> _Task prompt_
Show each line of the data below in which "defines" occurs.

(Saved data entries)
»»

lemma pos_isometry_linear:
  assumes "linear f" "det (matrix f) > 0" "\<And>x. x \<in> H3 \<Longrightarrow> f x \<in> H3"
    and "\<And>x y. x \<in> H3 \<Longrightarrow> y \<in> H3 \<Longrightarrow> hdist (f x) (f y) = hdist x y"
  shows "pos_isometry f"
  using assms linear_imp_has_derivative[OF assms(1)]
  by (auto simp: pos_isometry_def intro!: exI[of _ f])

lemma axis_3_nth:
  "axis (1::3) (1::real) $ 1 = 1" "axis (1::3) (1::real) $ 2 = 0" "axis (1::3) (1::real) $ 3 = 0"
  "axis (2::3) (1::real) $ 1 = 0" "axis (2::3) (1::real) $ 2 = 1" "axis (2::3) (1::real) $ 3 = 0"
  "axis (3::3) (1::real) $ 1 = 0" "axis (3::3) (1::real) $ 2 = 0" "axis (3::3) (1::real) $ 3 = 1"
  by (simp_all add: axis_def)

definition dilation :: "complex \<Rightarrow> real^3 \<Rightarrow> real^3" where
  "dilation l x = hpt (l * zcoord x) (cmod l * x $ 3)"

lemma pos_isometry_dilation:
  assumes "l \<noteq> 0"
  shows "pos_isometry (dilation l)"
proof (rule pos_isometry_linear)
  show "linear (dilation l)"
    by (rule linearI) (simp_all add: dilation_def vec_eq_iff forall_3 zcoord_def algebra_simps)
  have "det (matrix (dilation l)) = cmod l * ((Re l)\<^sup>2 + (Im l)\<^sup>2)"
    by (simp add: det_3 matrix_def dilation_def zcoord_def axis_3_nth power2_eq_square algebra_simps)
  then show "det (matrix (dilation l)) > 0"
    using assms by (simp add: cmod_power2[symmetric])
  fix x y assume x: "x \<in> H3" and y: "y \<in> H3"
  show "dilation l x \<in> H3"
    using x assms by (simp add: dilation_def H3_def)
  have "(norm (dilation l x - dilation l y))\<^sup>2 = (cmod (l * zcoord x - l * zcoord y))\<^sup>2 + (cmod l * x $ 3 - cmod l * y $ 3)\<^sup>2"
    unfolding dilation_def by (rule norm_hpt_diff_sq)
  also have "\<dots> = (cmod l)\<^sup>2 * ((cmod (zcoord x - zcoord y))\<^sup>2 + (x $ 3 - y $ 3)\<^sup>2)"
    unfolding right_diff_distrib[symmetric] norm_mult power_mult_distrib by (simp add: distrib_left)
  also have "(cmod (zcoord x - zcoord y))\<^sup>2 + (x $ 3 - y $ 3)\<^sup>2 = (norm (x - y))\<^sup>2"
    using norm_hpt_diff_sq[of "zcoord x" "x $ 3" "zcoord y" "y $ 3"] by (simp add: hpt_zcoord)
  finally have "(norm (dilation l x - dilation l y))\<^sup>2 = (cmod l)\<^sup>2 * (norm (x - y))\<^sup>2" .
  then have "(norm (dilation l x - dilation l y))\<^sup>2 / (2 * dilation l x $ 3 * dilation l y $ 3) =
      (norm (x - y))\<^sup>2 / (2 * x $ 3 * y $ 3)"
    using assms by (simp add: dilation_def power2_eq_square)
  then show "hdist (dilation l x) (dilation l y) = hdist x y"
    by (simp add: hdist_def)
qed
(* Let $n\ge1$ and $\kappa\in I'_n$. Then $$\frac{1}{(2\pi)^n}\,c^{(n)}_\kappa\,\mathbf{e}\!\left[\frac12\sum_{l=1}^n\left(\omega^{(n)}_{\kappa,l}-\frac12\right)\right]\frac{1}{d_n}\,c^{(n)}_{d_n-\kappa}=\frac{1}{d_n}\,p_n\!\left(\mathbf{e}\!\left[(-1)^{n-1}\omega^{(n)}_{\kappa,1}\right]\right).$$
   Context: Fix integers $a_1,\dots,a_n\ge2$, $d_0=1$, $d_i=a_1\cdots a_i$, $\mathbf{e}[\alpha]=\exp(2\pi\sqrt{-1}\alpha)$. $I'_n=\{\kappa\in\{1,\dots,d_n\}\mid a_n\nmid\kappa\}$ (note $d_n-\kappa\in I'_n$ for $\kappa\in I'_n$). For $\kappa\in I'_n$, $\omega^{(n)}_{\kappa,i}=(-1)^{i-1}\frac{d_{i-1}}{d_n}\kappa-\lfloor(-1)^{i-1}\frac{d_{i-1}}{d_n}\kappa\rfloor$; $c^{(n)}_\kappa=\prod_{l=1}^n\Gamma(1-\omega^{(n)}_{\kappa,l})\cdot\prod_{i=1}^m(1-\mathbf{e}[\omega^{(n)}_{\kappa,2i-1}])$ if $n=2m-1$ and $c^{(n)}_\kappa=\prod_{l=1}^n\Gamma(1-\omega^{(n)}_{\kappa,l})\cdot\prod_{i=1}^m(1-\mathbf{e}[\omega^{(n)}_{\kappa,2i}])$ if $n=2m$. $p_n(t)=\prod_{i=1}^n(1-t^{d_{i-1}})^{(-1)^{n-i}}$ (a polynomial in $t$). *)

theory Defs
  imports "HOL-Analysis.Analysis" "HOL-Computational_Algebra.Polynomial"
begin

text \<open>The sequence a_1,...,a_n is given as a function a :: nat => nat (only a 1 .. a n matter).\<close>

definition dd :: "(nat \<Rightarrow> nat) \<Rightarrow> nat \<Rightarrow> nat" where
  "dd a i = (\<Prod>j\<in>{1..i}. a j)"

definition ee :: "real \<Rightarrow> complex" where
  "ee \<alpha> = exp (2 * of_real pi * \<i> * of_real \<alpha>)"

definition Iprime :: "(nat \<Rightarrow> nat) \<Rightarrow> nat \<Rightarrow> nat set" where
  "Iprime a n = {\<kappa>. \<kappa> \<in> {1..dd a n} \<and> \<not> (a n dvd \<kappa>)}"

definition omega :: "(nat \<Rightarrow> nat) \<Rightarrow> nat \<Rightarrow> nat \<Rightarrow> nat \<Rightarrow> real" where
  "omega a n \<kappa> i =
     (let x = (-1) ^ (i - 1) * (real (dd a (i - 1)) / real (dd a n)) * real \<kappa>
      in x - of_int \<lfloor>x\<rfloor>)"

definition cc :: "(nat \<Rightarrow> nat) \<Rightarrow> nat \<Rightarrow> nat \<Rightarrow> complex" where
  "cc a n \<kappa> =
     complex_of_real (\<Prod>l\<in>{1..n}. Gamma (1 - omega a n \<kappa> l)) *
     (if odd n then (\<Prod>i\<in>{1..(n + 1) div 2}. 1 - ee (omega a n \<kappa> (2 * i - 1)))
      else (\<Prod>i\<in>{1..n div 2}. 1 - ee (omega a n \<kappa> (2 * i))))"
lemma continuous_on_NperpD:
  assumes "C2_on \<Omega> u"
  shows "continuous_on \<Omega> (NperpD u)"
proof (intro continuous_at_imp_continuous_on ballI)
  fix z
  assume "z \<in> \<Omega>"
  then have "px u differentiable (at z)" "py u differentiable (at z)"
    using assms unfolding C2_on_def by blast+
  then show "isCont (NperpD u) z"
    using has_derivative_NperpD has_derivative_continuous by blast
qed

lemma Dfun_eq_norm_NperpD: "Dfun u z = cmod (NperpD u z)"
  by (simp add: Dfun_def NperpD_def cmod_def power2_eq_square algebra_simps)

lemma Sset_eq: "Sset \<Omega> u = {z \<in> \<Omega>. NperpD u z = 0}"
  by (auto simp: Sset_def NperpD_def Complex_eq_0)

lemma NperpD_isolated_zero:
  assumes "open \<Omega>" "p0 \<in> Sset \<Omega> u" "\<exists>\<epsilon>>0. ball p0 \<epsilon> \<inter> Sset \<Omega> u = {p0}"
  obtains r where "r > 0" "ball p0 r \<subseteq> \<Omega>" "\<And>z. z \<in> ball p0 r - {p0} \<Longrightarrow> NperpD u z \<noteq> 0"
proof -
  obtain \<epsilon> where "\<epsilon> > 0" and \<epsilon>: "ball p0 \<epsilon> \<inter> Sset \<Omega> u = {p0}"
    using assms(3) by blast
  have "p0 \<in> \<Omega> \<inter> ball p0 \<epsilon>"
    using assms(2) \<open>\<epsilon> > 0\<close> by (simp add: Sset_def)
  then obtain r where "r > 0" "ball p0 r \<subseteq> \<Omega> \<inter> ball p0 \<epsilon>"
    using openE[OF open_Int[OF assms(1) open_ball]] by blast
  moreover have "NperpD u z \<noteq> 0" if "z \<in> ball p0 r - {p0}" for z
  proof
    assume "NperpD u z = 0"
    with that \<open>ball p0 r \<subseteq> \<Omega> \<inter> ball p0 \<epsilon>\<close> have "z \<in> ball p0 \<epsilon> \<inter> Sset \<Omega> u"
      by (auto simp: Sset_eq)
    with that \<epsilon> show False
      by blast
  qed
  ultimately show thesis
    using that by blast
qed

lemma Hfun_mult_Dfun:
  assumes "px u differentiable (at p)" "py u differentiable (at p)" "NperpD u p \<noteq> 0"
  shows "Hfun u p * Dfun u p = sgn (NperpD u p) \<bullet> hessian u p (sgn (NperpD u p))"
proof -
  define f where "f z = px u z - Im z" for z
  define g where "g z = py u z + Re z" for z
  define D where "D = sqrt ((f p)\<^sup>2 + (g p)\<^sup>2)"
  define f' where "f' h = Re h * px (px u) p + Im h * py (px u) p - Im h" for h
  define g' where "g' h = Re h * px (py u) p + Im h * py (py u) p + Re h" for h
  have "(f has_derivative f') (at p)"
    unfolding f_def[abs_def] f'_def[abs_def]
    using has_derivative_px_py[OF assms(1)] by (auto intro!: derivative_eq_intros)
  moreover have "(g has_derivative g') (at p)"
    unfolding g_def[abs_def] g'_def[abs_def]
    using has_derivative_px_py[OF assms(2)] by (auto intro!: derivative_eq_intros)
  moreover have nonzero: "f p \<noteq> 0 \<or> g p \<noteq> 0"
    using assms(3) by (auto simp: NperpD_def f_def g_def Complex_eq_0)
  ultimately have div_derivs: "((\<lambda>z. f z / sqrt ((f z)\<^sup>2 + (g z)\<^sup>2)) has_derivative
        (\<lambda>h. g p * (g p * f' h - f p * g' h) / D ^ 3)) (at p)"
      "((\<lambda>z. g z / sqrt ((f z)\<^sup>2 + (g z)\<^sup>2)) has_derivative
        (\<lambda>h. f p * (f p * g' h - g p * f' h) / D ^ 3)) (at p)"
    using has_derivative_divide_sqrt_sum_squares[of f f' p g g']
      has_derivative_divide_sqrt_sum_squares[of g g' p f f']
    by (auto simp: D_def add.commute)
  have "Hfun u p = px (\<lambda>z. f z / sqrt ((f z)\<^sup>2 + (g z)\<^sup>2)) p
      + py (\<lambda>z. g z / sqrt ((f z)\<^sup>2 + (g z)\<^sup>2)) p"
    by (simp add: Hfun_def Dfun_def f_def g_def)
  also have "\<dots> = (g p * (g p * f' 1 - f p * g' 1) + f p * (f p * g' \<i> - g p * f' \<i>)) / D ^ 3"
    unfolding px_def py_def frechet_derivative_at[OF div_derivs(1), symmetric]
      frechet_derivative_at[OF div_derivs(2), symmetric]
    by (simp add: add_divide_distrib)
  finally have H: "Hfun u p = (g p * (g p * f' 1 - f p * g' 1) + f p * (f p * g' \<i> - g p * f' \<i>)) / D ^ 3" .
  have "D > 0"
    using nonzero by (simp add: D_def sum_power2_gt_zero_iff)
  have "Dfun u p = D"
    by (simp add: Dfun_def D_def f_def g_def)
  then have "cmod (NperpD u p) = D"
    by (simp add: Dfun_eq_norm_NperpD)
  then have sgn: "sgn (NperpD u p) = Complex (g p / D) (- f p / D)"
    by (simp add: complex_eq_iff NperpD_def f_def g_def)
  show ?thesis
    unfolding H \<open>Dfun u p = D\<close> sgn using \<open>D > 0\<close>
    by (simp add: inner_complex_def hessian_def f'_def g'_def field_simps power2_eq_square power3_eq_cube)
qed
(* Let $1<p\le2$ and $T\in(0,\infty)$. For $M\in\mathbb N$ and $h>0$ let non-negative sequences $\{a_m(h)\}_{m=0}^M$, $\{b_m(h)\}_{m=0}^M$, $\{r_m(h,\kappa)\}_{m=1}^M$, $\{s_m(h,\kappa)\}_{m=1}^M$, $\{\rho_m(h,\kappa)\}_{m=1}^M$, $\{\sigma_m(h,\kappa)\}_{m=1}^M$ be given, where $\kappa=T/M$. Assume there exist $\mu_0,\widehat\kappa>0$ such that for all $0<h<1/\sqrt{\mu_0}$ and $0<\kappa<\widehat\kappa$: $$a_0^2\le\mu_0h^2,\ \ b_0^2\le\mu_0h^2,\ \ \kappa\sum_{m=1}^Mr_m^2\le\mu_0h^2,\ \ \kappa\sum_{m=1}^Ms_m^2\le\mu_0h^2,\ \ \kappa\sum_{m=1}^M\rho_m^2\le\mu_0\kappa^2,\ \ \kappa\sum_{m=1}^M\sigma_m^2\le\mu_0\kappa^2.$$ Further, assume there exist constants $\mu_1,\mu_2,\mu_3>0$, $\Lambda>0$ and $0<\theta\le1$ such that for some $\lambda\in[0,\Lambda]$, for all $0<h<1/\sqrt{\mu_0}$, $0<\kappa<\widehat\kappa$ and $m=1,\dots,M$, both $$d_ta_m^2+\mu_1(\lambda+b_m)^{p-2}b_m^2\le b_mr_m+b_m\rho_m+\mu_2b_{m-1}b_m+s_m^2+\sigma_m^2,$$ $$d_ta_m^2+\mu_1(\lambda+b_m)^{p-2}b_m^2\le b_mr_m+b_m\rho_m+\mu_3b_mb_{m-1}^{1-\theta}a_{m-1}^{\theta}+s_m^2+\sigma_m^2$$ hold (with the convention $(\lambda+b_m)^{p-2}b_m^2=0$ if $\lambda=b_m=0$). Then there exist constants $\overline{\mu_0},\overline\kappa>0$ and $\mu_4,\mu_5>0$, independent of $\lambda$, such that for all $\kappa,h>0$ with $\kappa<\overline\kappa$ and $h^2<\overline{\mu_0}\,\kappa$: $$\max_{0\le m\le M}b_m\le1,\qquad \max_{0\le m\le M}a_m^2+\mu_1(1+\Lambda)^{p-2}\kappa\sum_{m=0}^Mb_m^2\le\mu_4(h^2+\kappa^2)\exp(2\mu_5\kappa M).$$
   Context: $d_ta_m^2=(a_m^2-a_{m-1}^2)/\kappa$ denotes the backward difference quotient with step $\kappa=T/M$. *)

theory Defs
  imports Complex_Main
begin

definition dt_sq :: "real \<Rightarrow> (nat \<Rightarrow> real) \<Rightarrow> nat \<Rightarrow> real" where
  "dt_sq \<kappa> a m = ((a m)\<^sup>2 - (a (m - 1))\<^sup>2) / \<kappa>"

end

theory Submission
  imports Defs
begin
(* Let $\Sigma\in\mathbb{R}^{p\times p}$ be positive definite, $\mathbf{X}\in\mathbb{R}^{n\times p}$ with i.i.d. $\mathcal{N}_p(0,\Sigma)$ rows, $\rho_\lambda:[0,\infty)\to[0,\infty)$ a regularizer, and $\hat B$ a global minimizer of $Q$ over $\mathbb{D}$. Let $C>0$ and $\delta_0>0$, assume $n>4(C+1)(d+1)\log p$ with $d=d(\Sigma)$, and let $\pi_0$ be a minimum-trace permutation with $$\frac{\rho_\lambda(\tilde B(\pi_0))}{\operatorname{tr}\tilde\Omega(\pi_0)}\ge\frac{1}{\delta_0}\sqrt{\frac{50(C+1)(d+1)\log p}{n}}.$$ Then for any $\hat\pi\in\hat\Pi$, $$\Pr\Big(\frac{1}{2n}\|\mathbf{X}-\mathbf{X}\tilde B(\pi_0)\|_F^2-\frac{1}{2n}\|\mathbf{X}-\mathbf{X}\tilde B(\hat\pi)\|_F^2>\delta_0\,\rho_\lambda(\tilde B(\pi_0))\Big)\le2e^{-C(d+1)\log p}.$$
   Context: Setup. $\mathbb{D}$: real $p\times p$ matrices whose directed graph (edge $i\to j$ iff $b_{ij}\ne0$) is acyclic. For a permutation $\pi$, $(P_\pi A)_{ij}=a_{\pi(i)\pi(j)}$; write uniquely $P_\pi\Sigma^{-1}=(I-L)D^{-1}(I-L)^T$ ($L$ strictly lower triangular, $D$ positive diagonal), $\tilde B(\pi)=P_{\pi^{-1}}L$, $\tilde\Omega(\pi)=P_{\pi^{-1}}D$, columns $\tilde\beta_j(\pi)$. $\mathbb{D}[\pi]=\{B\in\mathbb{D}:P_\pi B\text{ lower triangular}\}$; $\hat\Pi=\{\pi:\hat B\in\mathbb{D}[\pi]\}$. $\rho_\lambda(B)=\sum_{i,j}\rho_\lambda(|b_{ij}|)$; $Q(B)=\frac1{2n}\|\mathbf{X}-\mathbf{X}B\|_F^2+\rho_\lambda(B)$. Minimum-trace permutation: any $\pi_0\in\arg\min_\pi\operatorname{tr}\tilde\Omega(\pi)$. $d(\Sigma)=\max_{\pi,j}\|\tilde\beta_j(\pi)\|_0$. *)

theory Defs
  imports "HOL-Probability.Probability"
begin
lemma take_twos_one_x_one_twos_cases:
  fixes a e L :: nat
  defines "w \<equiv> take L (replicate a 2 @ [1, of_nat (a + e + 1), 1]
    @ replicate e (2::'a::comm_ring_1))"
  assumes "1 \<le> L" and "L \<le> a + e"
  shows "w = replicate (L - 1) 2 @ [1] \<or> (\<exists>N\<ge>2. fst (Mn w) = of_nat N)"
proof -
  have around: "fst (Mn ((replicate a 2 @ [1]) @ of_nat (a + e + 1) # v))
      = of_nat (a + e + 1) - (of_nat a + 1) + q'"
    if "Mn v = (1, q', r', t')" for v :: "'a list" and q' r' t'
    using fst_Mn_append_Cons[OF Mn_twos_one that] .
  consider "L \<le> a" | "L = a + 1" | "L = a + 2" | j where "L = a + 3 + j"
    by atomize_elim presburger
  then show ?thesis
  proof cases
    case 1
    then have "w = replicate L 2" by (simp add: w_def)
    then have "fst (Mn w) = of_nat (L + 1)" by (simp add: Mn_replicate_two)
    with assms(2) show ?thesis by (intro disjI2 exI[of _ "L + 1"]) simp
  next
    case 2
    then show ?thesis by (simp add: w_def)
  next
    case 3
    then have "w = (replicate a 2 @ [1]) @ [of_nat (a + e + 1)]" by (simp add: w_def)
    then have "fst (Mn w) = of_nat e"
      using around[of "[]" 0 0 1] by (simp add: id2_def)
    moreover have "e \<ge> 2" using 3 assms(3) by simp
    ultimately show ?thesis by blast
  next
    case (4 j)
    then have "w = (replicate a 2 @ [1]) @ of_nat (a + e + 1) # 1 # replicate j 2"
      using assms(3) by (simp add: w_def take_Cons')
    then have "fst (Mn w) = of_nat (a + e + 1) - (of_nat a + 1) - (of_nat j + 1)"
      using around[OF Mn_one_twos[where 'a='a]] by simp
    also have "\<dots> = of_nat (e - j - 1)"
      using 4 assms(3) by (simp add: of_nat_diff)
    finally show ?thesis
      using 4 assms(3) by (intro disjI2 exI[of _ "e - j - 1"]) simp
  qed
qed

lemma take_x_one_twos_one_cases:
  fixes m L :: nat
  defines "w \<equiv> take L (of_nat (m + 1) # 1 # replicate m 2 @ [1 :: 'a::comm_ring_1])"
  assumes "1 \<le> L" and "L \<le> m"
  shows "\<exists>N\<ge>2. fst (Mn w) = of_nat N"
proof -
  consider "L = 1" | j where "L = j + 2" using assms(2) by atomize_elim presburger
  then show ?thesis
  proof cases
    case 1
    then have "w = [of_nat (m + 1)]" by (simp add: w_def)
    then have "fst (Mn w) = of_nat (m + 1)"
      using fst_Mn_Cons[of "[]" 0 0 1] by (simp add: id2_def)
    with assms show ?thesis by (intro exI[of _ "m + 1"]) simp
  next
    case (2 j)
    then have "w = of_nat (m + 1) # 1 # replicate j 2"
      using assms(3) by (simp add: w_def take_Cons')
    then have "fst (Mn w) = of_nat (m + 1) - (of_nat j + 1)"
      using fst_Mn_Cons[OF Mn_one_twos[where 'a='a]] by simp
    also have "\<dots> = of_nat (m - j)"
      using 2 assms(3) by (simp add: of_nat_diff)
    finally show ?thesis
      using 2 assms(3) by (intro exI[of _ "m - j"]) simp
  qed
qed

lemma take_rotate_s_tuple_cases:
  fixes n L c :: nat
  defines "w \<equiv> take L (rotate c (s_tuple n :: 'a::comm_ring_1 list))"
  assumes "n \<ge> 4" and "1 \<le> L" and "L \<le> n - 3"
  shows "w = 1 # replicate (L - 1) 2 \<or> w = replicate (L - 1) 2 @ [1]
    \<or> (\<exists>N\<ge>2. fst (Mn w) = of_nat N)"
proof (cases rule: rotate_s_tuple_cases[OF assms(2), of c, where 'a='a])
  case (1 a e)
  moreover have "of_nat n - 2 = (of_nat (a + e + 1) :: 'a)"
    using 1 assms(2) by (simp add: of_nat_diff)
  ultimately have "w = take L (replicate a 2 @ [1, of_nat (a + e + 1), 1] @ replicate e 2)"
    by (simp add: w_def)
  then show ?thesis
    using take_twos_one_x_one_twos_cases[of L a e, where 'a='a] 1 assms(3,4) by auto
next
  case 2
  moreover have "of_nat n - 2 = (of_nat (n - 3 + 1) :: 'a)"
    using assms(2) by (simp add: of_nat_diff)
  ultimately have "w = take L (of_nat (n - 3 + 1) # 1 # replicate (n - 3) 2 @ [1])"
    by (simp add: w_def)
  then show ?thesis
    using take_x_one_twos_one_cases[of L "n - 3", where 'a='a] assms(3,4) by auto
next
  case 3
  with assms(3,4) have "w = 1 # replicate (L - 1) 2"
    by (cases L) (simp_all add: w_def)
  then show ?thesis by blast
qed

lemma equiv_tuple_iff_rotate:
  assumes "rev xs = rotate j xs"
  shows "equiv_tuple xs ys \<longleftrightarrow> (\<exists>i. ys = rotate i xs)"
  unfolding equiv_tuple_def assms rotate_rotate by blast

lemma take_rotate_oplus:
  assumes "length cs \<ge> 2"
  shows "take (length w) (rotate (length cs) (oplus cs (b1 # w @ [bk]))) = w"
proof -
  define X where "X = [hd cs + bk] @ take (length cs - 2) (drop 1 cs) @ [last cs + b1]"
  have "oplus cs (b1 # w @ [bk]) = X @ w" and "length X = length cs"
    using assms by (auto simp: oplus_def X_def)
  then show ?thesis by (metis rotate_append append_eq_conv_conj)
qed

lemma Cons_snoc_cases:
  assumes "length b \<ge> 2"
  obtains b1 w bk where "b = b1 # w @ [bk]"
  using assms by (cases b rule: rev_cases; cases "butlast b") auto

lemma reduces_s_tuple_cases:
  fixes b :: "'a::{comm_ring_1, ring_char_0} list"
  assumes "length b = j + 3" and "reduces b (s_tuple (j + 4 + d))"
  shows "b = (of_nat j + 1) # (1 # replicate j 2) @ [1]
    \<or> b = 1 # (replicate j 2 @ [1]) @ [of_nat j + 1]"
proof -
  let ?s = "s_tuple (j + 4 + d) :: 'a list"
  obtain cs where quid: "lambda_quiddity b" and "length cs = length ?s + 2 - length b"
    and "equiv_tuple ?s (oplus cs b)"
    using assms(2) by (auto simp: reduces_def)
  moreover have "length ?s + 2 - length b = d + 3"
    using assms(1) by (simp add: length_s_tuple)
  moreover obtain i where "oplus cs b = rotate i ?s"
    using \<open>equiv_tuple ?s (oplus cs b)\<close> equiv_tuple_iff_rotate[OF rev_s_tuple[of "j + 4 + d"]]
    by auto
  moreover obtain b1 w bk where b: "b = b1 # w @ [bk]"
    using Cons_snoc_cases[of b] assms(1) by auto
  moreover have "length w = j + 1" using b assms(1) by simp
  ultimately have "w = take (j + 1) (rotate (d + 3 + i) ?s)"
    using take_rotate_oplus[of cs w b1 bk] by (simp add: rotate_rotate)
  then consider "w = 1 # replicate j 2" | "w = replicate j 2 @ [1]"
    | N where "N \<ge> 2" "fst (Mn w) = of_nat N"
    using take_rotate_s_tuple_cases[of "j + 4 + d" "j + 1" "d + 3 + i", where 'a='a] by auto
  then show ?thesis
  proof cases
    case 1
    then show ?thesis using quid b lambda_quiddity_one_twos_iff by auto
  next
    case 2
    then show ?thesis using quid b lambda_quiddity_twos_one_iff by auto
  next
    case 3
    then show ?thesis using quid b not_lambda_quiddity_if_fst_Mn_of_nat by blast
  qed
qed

««

> _Exercise answer_
  defines "w \<equiv> take L (replicate a 2 @ [1, of_nat (a + e + 1), 1]
  defines "w \<equiv> take L (of_nat (m + 1) # 1 # replicate m 2 @ [1 :: 'a::comm_ring_1])"
  defines "w \<equiv> take L (rotate c (s_tuple n :: 'a::comm_ring_1 list))"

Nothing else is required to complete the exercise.